De 850i heeft opklappende koplampen, die alleen bij slecht zicht open hoeven, omdat in de behuizing eronder alle bij daglicht noodzakelijke verlichting is ondergebracht, bijvoorbeeld grootlichtsignaal. Opengeklapt zijn de lampen overigens helemaal niet lelijk doordat ze heel laag zijn, wat mogelijk is door de inmiddels goed bekende DE-schijnwerpertechniek van Bosch. Ervoor zitten per lamp twee ronde klepjes, die op wens met een klap naar boven schieten en dan krachtige sproeiers blijken te verbergen die het glas van de lampen doeltreffend reinigen.
Een
van de weinige dingen die als extra leverbaar zijn, is de EDS ofwel
Elektronische Dempings Controle. Naar gelang de rijomstandigheden worden de
schokdempers hiermee automatisch harder of zachter afgesteld.
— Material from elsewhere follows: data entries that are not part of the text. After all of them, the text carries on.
(* Let $a_n$, $s$ and $c$ be any integers and let $n$ be a positive integer. Then \[ \sum_{a_{n-1}=c}^{a_n}\sum_{a_{n-2}=c}^{a_{n-1}}\cdots\sum_{a_0=c}^{a_1}F_{3a_0+s}=\frac{F_{2n+3a_n+s}}{2^n}-\sum_{j=0}^{n-1}\frac{F_{2(n-j)+3(c-1)+s}}{2^{n-j}}\binom{a_n+j-c}{j}, \] and \[ \sum_{a_{n-1}=c}^{a_n}\sum_{a_{n-2}=c}^{a_{n-1}}\cdots\sum_{a_0=c}^{a_1}L_{3a_0+s}=\frac{L_{2n+3a_n+s}}{2^n}-\sum_{j=0}^{n-1}\frac{L_{2(n-j)+3(c-1)+s}}{2^{n-j}}\binom{a_n+j-c}{j}. \]
   Context: $F_j$ and $L_j$ are the Fibonacci and Lucas numbers: $F_0=0,F_1=1$, $L_0=2,L_1=1$, both satisfying $X_j=X_{j-1}+X_{j-2}$, extended to all integer indices via the recurrence. For integers $c,m$ and a function $f$ on the integers, $\sum_{k=c}^m f(k)$ denotes the usual sum if $m\ge c$, equals $0$ if $m=c-1$, and equals $-\sum_{k=m+1}^{c-1}f(k)$ if $m\le c-2$. The nested sum $\sum_{a_{n-1}=c}^{a_n}\cdots\sum_{a_0=c}^{a_1}g(a_0)$ is the iterated sum with $n$ summation signs: innermost over $a_0$ from $c$ to $a_1$, then $a_1$ from $c$ to $a_2$, ..., outermost $a_{n-1}$ from $c$ to $a_n$. For an integer $j\ge0$ and any number $y$, $\binom{y}{j}=y(y-1)\cdots(y-j+1)/j!$. *)

theory Defs
  imports Complex_Main
begin

text \<open>Sequences satisfying X_j = X_(j-1) + X_(j-2), started at X_0 = x0, X_1 = x1,
  extended to all integers via the recurrence (forwards and backwards).\<close>

fun rec_fwd :: "int \<Rightarrow> int \<Rightarrow> nat \<Rightarrow> int \<times> int" where
  "rec_fwd x0 x1 0 = (x0, x1)"
| "rec_fwd x0 x1 (Suc n) = (let (a, b) = rec_fwd x0 x1 n in (b, a + b))"

fun rec_bwd :: "int \<Rightarrow> int \<Rightarrow> nat \<Rightarrow> int \<times> int" where
  "rec_bwd x0 x1 0 = (x0, x1)"
| "rec_bwd x0 x1 (Suc n) = (let (a, b) = rec_bwd x0 x1 n in (b - a, a))"

definition rec_seq :: "int \<Rightarrow> int \<Rightarrow> int \<Rightarrow> int" where
  "rec_seq x0 x1 k = (if k \<ge> 0 then fst (rec_fwd x0 x1 (nat k)) else fst (rec_bwd x0 x1 (nat (- k))))"

definition fibZ :: "int \<Rightarrow> int" where "fibZ = rec_seq 0 1"
definition lucZ :: "int \<Rightarrow> int" where "lucZ = rec_seq 2 1"

definition gsum :: "int \<Rightarrow> int \<Rightarrow> (int \<Rightarrow> real) \<Rightarrow> real" where
  "gsum c m f = (if m \<ge> c then (\<Sum>k\<in>{c..m}. f k)
                 else if m = c - 1 then 0
                 else - (\<Sum>k\<in>{m+1..c-1}. f k))"

fun nested_sum :: "int \<Rightarrow> nat \<Rightarrow> (int \<Rightarrow> real) \<Rightarrow> int \<Rightarrow> real" where
  "nested_sum c 0 g a = g a"
| "nested_sum c (Suc n) g a = gsum c a (nested_sum c n g)"

end

theory Submission
  imports Defs
begin

text \<open>Let R n b be the right-hand side with a_n = b. For any sequence with
  X (k + 2) = X (k + 1) + X k one has X (m + 2) - X (m - 1) = 2 X m, which together with
  Pascal's rule gives R (n + 1) b - R (n + 1) (b - 1) = R n b; moreover R (n + 1) (c - 1) = 0
  since every binomial coefficient (j - 1 choose j) vanishes. So the outermost sum telescopes
  to R (n + 1) a_(n+1), and induction on n proves the formula for every such sequence, in
  particular for the Fibonacci and Lucas numbers.\<close>

lemma rec_fwd_Suc:
  "rec_fwd x0 x1 (Suc n) = (snd (rec_fwd x0 x1 n), fst (rec_fwd x0 x1 n) + snd (rec_fwd x0 x1 n))"
  by (simp add: split_beta)

lemma rec_bwd_Suc:
  "rec_bwd x0 x1 (Suc n) = (snd (rec_bwd x0 x1 n) - fst (rec_bwd x0 x1 n), fst (rec_bwd x0 x1 n))"
  by (simp add: split_beta)

lemma rec_seq_add_two: "rec_seq x0 x1 (k + 2) = rec_seq x0 x1 (k + 1) + rec_seq x0 x1 k"
proof -
  consider "k \<ge> 0" | "k = -1" | "k = -2" | "k \<le> -3" by linarith
  then show ?thesis
  proof cases
    case 1
    then have "nat (k + 2) = Suc (Suc (nat k))" "nat (k + 1) = Suc (nat k)" by auto
    with 1 show ?thesis unfolding rec_seq_def by (simp only: rec_fwd_Suc) simp
  next
    case 2
    then show ?thesis unfolding rec_seq_def by (simp add: rec_fwd_Suc rec_bwd_Suc)
  next
    case 3
    then have "nat (- k) = Suc (Suc 0)" by simp
    with 3 show ?thesis unfolding rec_seq_def by (simp add: rec_fwd_Suc rec_bwd_Suc numeral_2_eq_2)
  next
    case 4
    then have "nat (- k) = Suc (Suc (nat (- k - 2)))" "nat (- (k + 1)) = Suc (nat (- k - 2))"
      by auto
    with 4 show ?thesis unfolding rec_seq_def by (simp only: rec_bwd_Suc) simp
  qed
qed

lemma fibZ_add_two: "fibZ (k + 2) = fibZ (k + 1) + fibZ k"
  unfolding fibZ_def by (rule rec_seq_add_two)

lemma lucZ_add_two: "lucZ (k + 2) = lucZ (k + 1) + lucZ k"
  unfolding lucZ_def by (rule rec_seq_add_two)

lemma fibonacci_like_add_two_minus_one:
  fixes X :: "int \<Rightarrow> 'a::comm_ring_1"
  assumes rec: "\<And>k. X (k + 2) = X (k + 1) + X k"
  shows "X (m + 2) - X (m - 1) = 2 * X m"
  using rec[of m] rec[of "m - 1"] by (simp add: algebra_simps)

lemma sum_int_atLeastAtMost_telescope:
  fixes f G :: "int \<Rightarrow> 'a::ab_group_add"
  assumes "\<And>k. f k = G k - G (k - 1)" and "c - 1 \<le> m"
  shows "(\<Sum>k\<in>{c..m}. f k) = G m - G (c - 1)"
  using assms(2)
proof (induction m rule: int_ge_induct)
  case base
  then show ?case by simp
next
  case (step i)
  then have "{c..i + 1} = insert (i + 1) {c..i}" by auto
  with step assms(1)[of "i + 1"] show ?case by simp
qed

lemma gsum_telescope:
  assumes "\<And>k. f k = G k - G (k - 1)"
  shows "gsum c m f = G m - G (c - 1)"
proof -
  consider "m \<ge> c" | "m = c - 1" | "m < c - 1" by linarith
  then show ?thesis
  proof cases
    case 1
    then show ?thesis
      unfolding gsum_def using sum_int_atLeastAtMost_telescope[of f G, OF assms, of c m] by simp
  next
    case 2
    then show ?thesis unfolding gsum_def by simp
  next
    case 3
    then show ?thesis
      unfolding gsum_def using sum_int_atLeastAtMost_telescope[of f G, OF assms, of "m + 1" "c - 1"] by simp
  qed
qed

definition nested_sum_closed_form :: "(int \<Rightarrow> real) \<Rightarrow> int \<Rightarrow> int \<Rightarrow> nat \<Rightarrow> int \<Rightarrow> real" where
  "nested_sum_closed_form X s c n b = X (2 * int n + 3 * b + s) / 2 ^ n
     - (\<Sum>j<n. X (2 * int (n - j) + 3 * (c - 1) + s) / 2 ^ (n - j)
                 * (real_of_int (b + int j - c) gchoose j))"

lemma nested_sum_closed_form_diff:
  assumes rec: "\<And>k. X (k + 2) = X (k + 1) + X k"
  shows "nested_sum_closed_form X s c (Suc n) b - nested_sum_closed_form X s c (Suc n) (b - 1)
    = nested_sum_closed_form X s c n b"
proof -
  define t where "t i = X (2 * int (n - i) + 3 * (c - 1) + s) / 2 ^ (n - i)" for i
  have split_first: "(\<Sum>j<Suc n. X (2 * int (Suc n - j) + 3 * (c - 1) + s) / 2 ^ (Suc n - j)
                 * (real_of_int (b' + int j - c) gchoose j))
        = X (2 * int (Suc n) + 3 * (c - 1) + s) / 2 ^ Suc n
          + (\<Sum>i<n. t i * (real_of_int (b' + int (Suc i) - c) gchoose Suc i))" for b'
    by (subst sum.lessThan_Suc_shift) (simp add: t_def)
  have pascal: "(real_of_int (b + int (Suc i) - c) gchoose Suc i)
      - (real_of_int (b - 1 + int (Suc i) - c) gchoose Suc i) = real_of_int (b + int i - c) gchoose i"
    for i
  proof -
    have "real_of_int (b + int (Suc i) - c) = real_of_int (b + int i - c) + 1"
      and "real_of_int (b - 1 + int (Suc i) - c) = real_of_int (b + int i - c)" by simp_all
    then show ?thesis by (simp only: gbinomial_Suc_Suc)
  qed
  have "(\<Sum>i<n. t i * (real_of_int (b + int (Suc i) - c) gchoose Suc i))
      - (\<Sum>i<n. t i * (real_of_int (b - 1 + int (Suc i) - c) gchoose Suc i))
      = (\<Sum>i<n. t i * (real_of_int (b + int i - c) gchoose i))"
    by (simp only: sum_subtractf[symmetric] right_diff_distrib[symmetric] pascal)
  moreover
  have "X (2 * int (Suc n) + 3 * b + s) - X (2 * int (Suc n) + 3 * (b - 1) + s)
      = 2 * X (2 * int n + 3 * b + s)"
    using fibonacci_like_add_two_minus_one[OF rec, of "2 * int n + 3 * b + s"]
    by (simp add: algebra_simps)
  then have "X (2 * int (Suc n) + 3 * b + s) / 2 ^ Suc n - X (2 * int (Suc n) + 3 * (b - 1) + s) / 2 ^ Suc n
      = X (2 * int n + 3 * b + s) / 2 ^ n"
    by (simp add: diff_divide_distrib[symmetric])
  ultimately show ?thesis
    unfolding nested_sum_closed_form_def split_first t_def by (simp add: algebra_simps)
qed

lemma nested_sum_closed_form_below_start: "nested_sum_closed_form X s c (Suc n) (c - 1) = 0"
proof -
  have "real_of_int (c - 1 + int (Suc i) - c) gchoose Suc i = 0" for i
  proof -
    have "real_of_int (c - 1 + int (Suc i) - c) = real i" by simp
    then show ?thesis by (simp flip: binomial_gbinomial)
  qed
  then show ?thesis
    unfolding nested_sum_closed_form_def by (subst sum.lessThan_Suc_shift) (simp only:, simp)
qed

lemma nested_sum_eq_closed_form:
  assumes rec: "\<And>k. X (k + 2) = X (k + 1) + X k"
  shows "nested_sum c n (\<lambda>a0. X (3 * a0 + s)) a = nested_sum_closed_form X s c n a"
proof (induction n arbitrary: a)
  case 0
  show ?case by (simp add: nested_sum_closed_form_def)
next
  case (Suc n)
  have "nested_sum c (Suc n) (\<lambda>a0. X (3 * a0 + s)) a = gsum c a (nested_sum_closed_form X s c n)"
    by (simp only: nested_sum.simps ext[OF Suc.IH])
  also have "\<dots> = nested_sum_closed_form X s c (Suc n) a - nested_sum_closed_form X s c (Suc n) (c - 1)"
    by (rule gsum_telescope) (simp add: nested_sum_closed_form_diff[OF rec])
  finally show ?case by (simp add: nested_sum_closed_form_below_start)
qed

theorem theorem1:
  fixes an s c :: int and n :: nat
  assumes "n > 0"
  shows "(nested_sum c n (\<lambda>a0. real_of_int (fibZ (3 * a0 + s))) an
           = real_of_int (fibZ (2 * int n + 3 * an + s)) / 2 ^ n
             - (\<Sum>j<n. real_of_int (fibZ (2 * int (n - j) + 3 * (c - 1) + s)) / 2 ^ (n - j)
                         * (real_of_int (an + int j - c) gchoose j))) \<and>
         (nested_sum c n (\<lambda>a0. real_of_int (lucZ (3 * a0 + s))) an
           = real_of_int (lucZ (2 * int n + 3 * an + s)) / 2 ^ n
             - (\<Sum>j<n. real_of_int (lucZ (2 * int (n - j) + 3 * (c - 1) + s)) / 2 ^ (n - j)
                         * (real_of_int (an + int j - c) gchoose j)))"
  using nested_sum_eq_closed_form[of "\<lambda>k. real_of_int (fibZ k)" c n s an]
    nested_sum_eq_closed_form[of "\<lambda>k. real_of_int (lucZ k)" c n s an]
  by (simp_all add: fibZ_add_two lucZ_add_two nested_sum_closed_form_def)

end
Alleen Citroën
doet het in de XM beter, die regelt de vering mee. Er is een knop waarmee je het
regelbereik kunt afstemmen op comfortabel of sportief. In tegenstelling tot
enkele andere auto’s die met zo’n systeem zijn uitgerust is het verschil
tussen beide instellingen duidelijk voelbaar.
Fenomenaal
Het
rijden met de nieuwe wagen is een fenomenale belevenis. Meteen als je achter het
stuur schuift weet je: dit wordt iets heel bijzonders. In ergonomisch opzicht
kun je je niets beters wensen. In rijtechnisch opzicht word je onmiddellijk een
betere automobilist dan je ooit eerder geweest bent. De grenzen van deze auto
liggen zo’n verschrikkelijk eind weg, dat het nauwelijks een kunst is om er
binnen te blijven. De omgeving van Neurenberg wordt gekenmerkt door een grote
hoeveelheid Trabants en Wartburgs (we zagen zelfs een Yalta) die er
voortpruttelen en met tergend geringe snelheden gezapige inhaalmanoeuvres
inzetten zonder blijkbaar een moment in de spiegel te kijken. Een ideaal gebied
om je remmen te testen! Waarbij iedere keer weer opviel dat je gemeenlijk met
deze auto echt veel sneller rijdt dan je je op grond van geluid en weginformatie
realiseert. Die weginformatie is er wel degelijk: je voelt bij wijze van spreke
elk kiezeltje in het asfalt. Je weet het maar het alarmeert niet onnodig. Toch
een lichte wanklank: zo goed als de wagen in bochten is, zo wankelmoedig betoont
hij zich bij snel rijden in rechte lijn waardoor onophoudelijk minimale
stuurcorrecties nodig zijn. Ook is de stuurbekrachtiging toerentalafhankelijk
waardoor je een variatie in servo waarneemt na schakelen. Er is geen enkele
reden waarom die bekrachtiging in deze prijsklasse niet snelheidsafhankelijk zou
zijn.
Confrontatie
We
hadden die 500 SL natuurlijk niet meegenomen als flauw geintje alleen, en hebben
er zelfs enige tijd over geredekaveld of er ook niet een Porsche 928 meegevoerd
diende te worden. Onze veronderstelling dat die vergeleken met de BMW wegens
grotere sportiviteit een beetje ernaast zou vallen, bleek tijdens de proefritten
bewaarheid: die auto’s zijn echt niet volkomen vergelijkbaar. De Mercedes is
natuurlijk ook niet helemaal uit hetzelfde deeg gekneed: een cabriolet, hoe
handig ook middels metalen dak als coupé vermomd, is toch iets anders dan een
echte coupé. Tussen beide wagens openbaart zich echter toch een duidelijk
verschil: de Mercedes is absoluut meer op rijcomfort geconcipieerd, de BMW is
ook comfortabel genoeg, maar bepaald sportiever zonder dat het een sportwagen is
maar wat is een sportwagen? Je zou het zo moeten stellen: de BMW is spannender,
zowel om te rijden als om te zien.
De Nederlandse importeur brengt de 850i royaal volgepakt op de markt met standaard leren bekleding, elektrisch verstelbare stuurkolom en bestuurdersstoelgeheugen, alarminstallatie, elektrisch zonnescherm achter, geraffineerd ventilatie- en luchtfilteringssysteem en gratis keuze tussen handbak of automaat. Voor de EDC moet worden bijbetaald. Men kan dat financieren door in plaats van leren bekleding stof te nemen (minderprijs exact het voor EDS te betalen bedrag, noem dat maar toeval), naar onze smaak eveneens aanraadbaar.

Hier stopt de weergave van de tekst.